The required answer is every line of the data containing the word "definition".

INFORMATION section start

(* Let $d\ge1$, $N\in\mathbb{N}$, $\alpha,\beta>0$ and $p>1/2$. Let $\mathcal{D}^{\rm te}$ be a distribution on $\mathbb{R}^d\times\{\pm1\}$ with $y\sim U(\{\pm1\})$, having one robust coordinate $r\in[d]$ and $d-1$ non-robust coordinates (all others), no irrelevant coordinates, such that $yx_r=\alpha$ with probability $p$ and $yx_r=-\alpha$ with probability $1-p$, and $yx_i=\beta$ with probability one for every $i\ne r$. For the query $(\bm x_{N+1},y_{N+1})$, let $\bm Z$ be formed with $\bm\Delta=\bm 0$ and define $$\tilde f(\bm P,\bm Q):=\mathbb{E}_{\{(\bm x_n,y_n)\}_{n=1}^{N}\overset{\text{i.i.d.}}{\sim}\mathcal{D}^{\rm te}}\big[y_{N+1}[f(\bm Z;\bm P,\bm Q)]_{d+1,N+1}\big],$$ a random variable depending on the query. Let $\bm P^{\rm std}=\bm P^{\rm adv}:=\begin{bmatrix}\bm 0_{d,d+1}\\ \bm 1_{d+1}^\top\end{bmatrix}$, $\bm Q^{\rm std}:=\begin{bmatrix}\bm 1_{d+1,d}&\bm 0_{d+1}\end{bmatrix}$, $\bm Q^{\rm adv}:=\begin{bmatrix}\bm I_d&\bm 0_d\\ \bm 0_d^\top&0\end{bmatrix}$. Then there exist strictly positive quantities $g_1,g_2>0$ depending only on $d,\alpha,\beta,p$ such that: $\tilde f(\bm P^{\rm std},\bm Q^{\rm std})=g_1(\alpha+(d-1)\beta)$ on the event $y_{N+1}x_{N+1,r}=\alpha$ (probability $p$), and $\tilde f(\bm P^{\rm std},\bm Q^{\rm std})=g_1(-\alpha+(d-1)\beta)$ on the event $y_{N+1}x_{N+1,r}=-\alpha$ (probability $1-p$); and $\tilde f(\bm P^{\rm adv},\bm Q^{\rm adv})\le g_2\{-(2p-1)\alpha^2+(d-1)\beta^2\}$ on the event $y_{N+1}x_{N+1,r}=-\alpha$ (probability $1-p$).
   Context: $[n]:=\{1,\dots,n\}$; $U(\mathcal S)$ is the uniform distribution on $\mathcal S$; $\bm 1_a,\bm 1_{a,b},\bm 0_a,\bm 0_{a,b},\bm I_a$ denote all-ones/all-zeros vectors and matrices and the identity. Transformer: given demonstrations $(\bm x_1,y_1),\dots,(\bm x_N,y_N)$, a query $\bm x_{N+1}\in\mathbb{R}^d$ and a perturbation $\bm\Delta\in\mathbb{R}^d$, let $\bm Z\in\mathbb{R}^{(d+1)\times(N+1)}$ have $n$-th column $(\bm x_n^\top,y_n)^\top$ for $n\le N$ and last column $((\bm x_{N+1}+\bm\Delta)^\top,0)^\top$. Let $\bm M:=\begin{bmatrix}\bm I_N&0\\0&0\end{bmatrix}$ and $f(\bm Z;\bm P,\bm Q):=\frac1N\bm P\bm Z\bm M\bm Z^\top\bm Q\bm Z$; $[\cdot]_{d+1,N+1}$ is the $(d+1,N+1)$ entry. Demonstrations and query are i.i.d. from $\mathcal{D}^{\rm te}$. *)

theory Defs
  imports "HOL-Probability.Product_PMF" "Jordan_Normal_Form.Matrix"
begin

(* Indices are 0-based: rows 0..d (row d = label row), columns 0..N (column N = query). *)

definition Zmat :: "nat \<Rightarrow> nat \<Rightarrow> (nat \<Rightarrow> real Matrix.vec \<times> real) \<Rightarrow> real Matrix.vec \<Rightarrow> real Matrix.vec \<Rightarrow> real mat" where
  "Zmat d N S xq \<Delta> = mat (d+1) (N+1) (\<lambda>(i,j).
     if j < N then (if i < d then vec_index (fst (S j)) i else snd (S j))
     else (if i < d then vec_index xq i + vec_index \<Delta> i else 0))"

definition Mmat :: "nat \<Rightarrow> real mat" where
  "Mmat N = mat (N+1) (N+1) (\<lambda>(i,j). if i = j \<and> i < N then 1 else 0)"

definition ftf :: "nat \<Rightarrow> real mat \<Rightarrow> real mat \<Rightarrow> real mat \<Rightarrow> real mat" where
  "ftf N Z P Q = (1 / real N) \<cdot>\<^sub>m (P * Z * Mmat N * transpose_mat Z * Q * Z)"

definition Pstd :: "nat \<Rightarrow> real mat" where
  "Pstd d = mat (d+1) (d+1) (\<lambda>(i,j). if i = d then 1 else 0)"

definition Padv :: "nat \<Rightarrow> real mat" where
  "Padv d = Pstd d"

definition Qstd :: "nat \<Rightarrow> real mat" where
  "Qstd d = mat (d+1) (d+1) (\<lambda>(i,j). if j < d then 1 else 0)"

definition Qadv :: "nat \<Rightarrow> real mat" where
  "Qadv d = mat (d+1) (d+1) (\<lambda>(i,j). if i = j \<and> i < d then 1 else 0)"

definition ftilde :: "nat \<Rightarrow> nat \<Rightarrow> (real Matrix.vec \<times> real) pmf \<Rightarrow> real mat \<Rightarrow> real mat \<Rightarrow> real Matrix.vec \<Rightarrow> real \<Rightarrow> real" where
  "ftilde d N D P Q xq yq =
     measure_pmf.expectation (Pi_pmf {..<N} undefined (\<lambda>_. D))
       (\<lambda>S. yq * (ftf N (Zmat d N S xq (0\<^sub>v d)) P Q) $$ (d, N))"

INFORMATION section end

→ ANSWER:
definition Zmat :: "nat \<Rightarrow> nat \<Rightarrow> (nat \<Rightarrow> real Matrix.vec \<times> real) \<Rightarrow> real Matrix.vec \<Rightarrow> real Matrix.vec \<Rightarrow> real mat" where
definition Mmat :: "nat \<Rightarrow> real mat" where
definition ftf :: "nat \<Rightarrow> real mat \<Rightarrow> real mat \<Rightarrow> real mat \<Rightarrow> real mat" where
definition Pstd :: "nat \<Rightarrow> real mat" where
definition Padv :: "nat \<Rightarrow> real mat" where
definition Qstd :: "nat \<Rightarrow> real mat" where
definition Qadv :: "nat \<Rightarrow> real mat" where
definition ftilde :: "nat \<Rightarrow> nat \<Rightarrow> (real Matrix.vec \<times> real) pmf \<Rightarrow> real mat \<Rightarrow> real mat \<Rightarrow> real Matrix.vec \<Rightarrow> real \<Rightarrow> real" where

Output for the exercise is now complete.